Main revenue and product drivers for Sulzer AG

Aftermarket services remain the top driver, accounting for 52% of 2025 net sales at CHF 745 million, up 5% year-over-year, as reported in the FY 2025 results on March 7, 2026. Pumps for water and wastewater treatment boosted Flow division growth by 4%. In oil & gas, subsea and onshore pumps sustained demand despite energy transition pressures.

Chemtech saw 3% organic growth from static mixing equipment in sustainable fuels production. Key products include single-stage pumps for desalination and multistage units for LNG. Geographic split shows EMEA at 40%, Americas 30%, and Asia-Pacific 30% of revenue, with US exposure via power and chemicals sectors.

Industry trends and competitive position

The pumps and rotating equipment market benefits from rising water scarcity and energy efficiency mandates. Sulzer holds a strong position in high-end centrifugal pumps, competing with Flowserve and KSB. Its services network gives an edge in uptime-critical sectors like upstream oil & gas. Decarbonization drives demand for hydrogen-ready compressors.

Sulzer invests in digital twins and predictive maintenance, aligning with Industry 4.0. Market research from S&P Global projects the global pump market at $65 billion by 2028, growing 4.5% annually as of their 2025 report.

Why Sulzer AG matters for US investors

Sulzer's US revenue, about 25% of total, ties to shale gas maintenance and Gulf Coast refineries. Its listing on SIX with ADRs offers US retail access. Exposure to US LNG export boom and water infrastructure spending under IIJA positions it relevant amid energy security focus.

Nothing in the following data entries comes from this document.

lemma relative_errors_tendsto_zero:
  fixes P :: "nat \<Rightarrow> nat \<Rightarrow> nat \<Rightarrow> real" and T :: "nat \<Rightarrow> hctree"
  assumes range: "\<And>n i j. i < n \<Longrightarrow> j < n \<Longrightarrow> 0 \<le> P n i j \<and> P n i j \<le> 1"
    and dense: "\<And>C. C > 0 \<Longrightarrow> eventually (\<lambda>n. \<forall>i<n. \<forall>j<n. i \<noteq> j \<longrightarrow>
                   C * sqrt (ln (real n) / real n) \<le> P n i j) sequentially"
  shows "(\<lambda>n. real n ^ 3 * density_threshold n / TC n (P n) (T n)) \<longlonglongrightarrow> 0"
    and "(\<lambda>n. real n ^ 3 * (density_threshold n)\<^sup>2
           / measure_pmf.expectation (random_graph n (P n)) (\<lambda>E. BC n (graph_weight E))) \<longlonglongrightarrow> 0"
proof -
  have bounds: "eventually (\<lambda>n.
      0 \<le> real n ^ 3 * density_threshold n / TC n (P n) (T n) \<and>
      real n ^ 3 * density_threshold n / TC n (P n) (T n) \<le> 6 / C \<and>
      0 \<le> real n ^ 3 * (density_threshold n)\<^sup>2
             / measure_pmf.expectation (random_graph n (P n)) (\<lambda>E. BC n (graph_weight E)) \<and>
      real n ^ 3 * (density_threshold n)\<^sup>2
        / measure_pmf.expectation (random_graph n (P n)) (\<lambda>E. BC n (graph_weight E)) \<le> 12 / C\<^sup>2)
      sequentially" if "0 < C" for C
    using dense[OF that] eventually_ge_at_top[of 6]
  proof eventually_elim
    case (elim n)
    then show ?case
      using dense_relative_errors[where P = "P n" and n = n and T = "T n", OF range elim(2) that elim(1)]
      by blast
  qed
  show "(\<lambda>n. real n ^ 3 * density_threshold n / TC n (P n) (T n)) \<longlonglongrightarrow> 0"
  proof (rule tendsto_zero_if_eventually_le)
    fix e :: real assume "0 < e"
    then show "eventually (\<lambda>n. 0 \<le> real n ^ 3 * density_threshold n / TC n (P n) (T n) \<and>
        real n ^ 3 * density_threshold n / TC n (P n) (T n) \<le> e) sequentially"
      using bounds[of "6 / e"] by (auto elim: eventually_mono)
  qed
  show "(\<lambda>n. real n ^ 3 * (density_threshold n)\<^sup>2
           / measure_pmf.expectation (random_graph n (P n)) (\<lambda>E. BC n (graph_weight E))) \<longlonglongrightarrow> 0"
  proof (rule tendsto_zero_if_eventually_le)
    fix e :: real assume "0 < e"
    then have "0 < sqrt (12 / e)" "12 / (sqrt (12 / e))\<^sup>2 = e"
      by simp_all
    then show "eventually (\<lambda>n. 0 \<le> real n ^ 3 * (density_threshold n)\<^sup>2
           / measure_pmf.expectation (random_graph n (P n)) (\<lambda>E. BC n (graph_weight E)) \<and>
        real n ^ 3 * (density_threshold n)\<^sup>2
           / measure_pmf.expectation (random_graph n (P n)) (\<lambda>E. BC n (graph_weight E)) \<le> e) sequentially"
      using bounds[of "sqrt (12 / e)"] by (auto elim: eventually_mono)
  qed
qed

lemma rho_star_concentration_dense:
  fixes P :: "nat \<Rightarrow> nat \<Rightarrow> real" and n :: nat and Tb :: hctree
  defines "L \<equiv> TC n P Tb"
    and "B \<equiv> measure_pmf.expectation (random_graph n P) (\<lambda>E. BC n (graph_weight E))"
  defines "a \<equiv> real n ^ 3 * density_threshold n / L"
    and "b \<equiv> real n ^ 3 * (density_threshold n)\<^sup>2 / B"
  assumes P: "\<And>i j. i < n \<Longrightarrow> j < n \<Longrightarrow> 0 \<le> P i j \<and> P i j \<le> 1"
    and dense: "\<forall>i<n. \<forall>j<n. i \<noteq> j \<longrightarrow> 12 * sqrt (ln (real n) / real n) \<le> P i j"
    and opt: "optimal_hctree n P Tb" and n: "6 \<le> n"
  shows "1 - real n powr (-1) < measure_pmf.prob (random_graph n P)
           {E. ereal ((1 - (a + b) / (1 - b)) * (L / B)) \<le> rho_star n (graph_weight E) \<and>
               rho_star n (graph_weight E) \<le> ereal ((1 + (a + b) / (1 - b)) * (L / B))}"
proof -
  note errors = dense_relative_errors[where T = Tb, OF P n zero_less_numeral dense]
  have "1 - 4 / (real n)\<^sup>2 \<le> measure_pmf.prob (random_graph n P)
           {E. ereal ((1 - (a + b) / (1 - b)) * (L / B)) \<le> rho_star n (graph_weight E) \<and>
               rho_star n (graph_weight E) \<le> ereal ((1 + (a + b) / (1 - b)) * (L / B))}"
    unfolding a_def b_def L_def B_def using n errors opt
    by (intro rho_star_concentration P optimal_hctree_TC_le) (auto simp: optimal_hctree_def)
  moreover have "4 / (real n)\<^sup>2 < real n powr (-1)"
    using n by (simp add: powr_neg_one power2_eq_square field_simps)
  ultimately show ?thesis by linarith
qed
definition extremal :: "(nat \<Rightarrow> real) \<Rightarrow> nat \<Rightarrow> bool" where
  "extremal v r \<longleftrightarrow> L1 v r = Lempty v r"

text \<open>Parity sums of the subchain C_j = w_{a+1} - ... - w_b, parity taken w.r.t. the numbering in C.\<close>

definition sigma_odd :: "(nat \<Rightarrow> real) \<Rightarrow> nat \<Rightarrow> nat \<Rightarrow> real" where
  "sigma_odd w a b = (\<Sum>i\<in>{i\<in>{a<..b}. odd i}. w i)"

definition sigma_even :: "(nat \<Rightarrow> real) \<Rightarrow> nat \<Rightarrow> nat \<Rightarrow> real" where
  "sigma_even w a b = (\<Sum>i\<in>{i\<in>{a<..b}. even i}. w i)"

text \<open>Decomposition of C = w_1 - ... - w_m into p+1 subchains, given by cut points
  0 = c 0 < c 1 < ... < c p < c (p+1) = m; subchain C_j is indexed by {c (j-1) <.. c j}.\<close>

definition Delta :: "(nat \<Rightarrow> real) \<Rightarrow> (nat \<Rightarrow> nat) \<Rightarrow> nat \<Rightarrow> real" where
  "Delta w c j = sigma_even w (c (j-1)) (c j) * sigma_odd w (c j) (c (j+1))
               - sigma_even w (c j) (c (j+1)) * sigma_odd w (c (j-1)) (c j)"

definition admissible_decomp :: "(nat \<Rightarrow> real) \<Rightarrow> nat \<Rightarrow> nat \<Rightarrow> (nat \<Rightarrow> nat) \<Rightarrow> bool" where
  "admissible_decomp w m p c \<longleftrightarrow>
     c 0 = 0 \<and> c (p+1) = m \<and> (\<forall>j\<le>p. c j < c (j+1)) \<and>
     (\<forall>j\<in>{1..p+1}. c j - c (j-1) \<ge> 2) \<and>
     (\<forall>j\<in>{1..p}. (even (c j) \<longrightarrow> Delta w c j < 0) \<and> (odd (c j) \<longrightarrow> Delta w c j > 0))"

end

theory Submission
  imports Defs
begin

(*
  Let O and E be the sums of the odd- and even-indexed weights and L = sqrt (O^2 + E^2) = L_empty.
  The vector equal to O/L on odd and E/L on even indices is feasible with value L, so always
  L_empty <= L_1.  If a cut k is admissible, normalising this construction separately on the two
  pieces stays feasible across the cut (this is exactly what the sign of Delta guarantees), and by
  the strict triangle inequality its value exceeds L_empty.  If no cut is admissible, the
  multipliers lambda_k = L / (2 O E) * (-1)^k * Delta_k are nonnegative and form a dual
  certificate: weighting 2 y_i x_i <= y_i^2 + x_i^2 by lambda_(i-1) + lambda_i and regrouping
  along the constraints bounds every feasible value by L.
*)

definition feasible :: "nat \<Rightarrow> (nat \<Rightarrow> real) \<Rightarrow> bool" where
  "feasible r x \<longleftrightarrow> (\<forall>i. 1 \<le> i \<and> i \<le> r - 1 \<longrightarrow> (x i)\<^sup>2 + (x (i+1))\<^sup>2 \<le> 1)"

Shares show low volatility versus US industrials peers.

Sulzer AG full-year 2025 results in detail

Net sales rose to CHF 1,430.7 million in 2025 from CHF 1,377 million in 2024, with organic growth of 2.4%. Operating EBITA hit CHF 178.1 million (12.4% margin), stable from 12.5% prior year. Free cash flow improved to CHF 120 million. Net profit was CHF 104 million or EPS CHF 4.42, per the March 7, 2026 release. Order intake grew 1.8% to CHF 1,452 million, signaling steady backlog.

Divisions: Flow CHF 658 million (+2%), Services CHF 494 million (+6%), Chemtech CHF 279 million (+1%). The board proposed a dividend of CHF 4.00 per share, up 14%, payable May 2026. Guidance for 2026 targets 3-5% organic sales growth and 12-13% EBITA margin.

Read more

Additional news and developments on the stock can be explored via the linked overview pages.

More news on this stockInvestor relations

Conclusion

Sulzer AG delivered solid FY 2025 results with stable margins and service growth, proposing a higher dividend. Backlog and guidance support near-term outlook amid industrial cycles. US investors note its energy and water linkages. Market conditions will shape execution.

Disclaimer: This article does not constitute investment advice. Stocks are volatile financial instruments.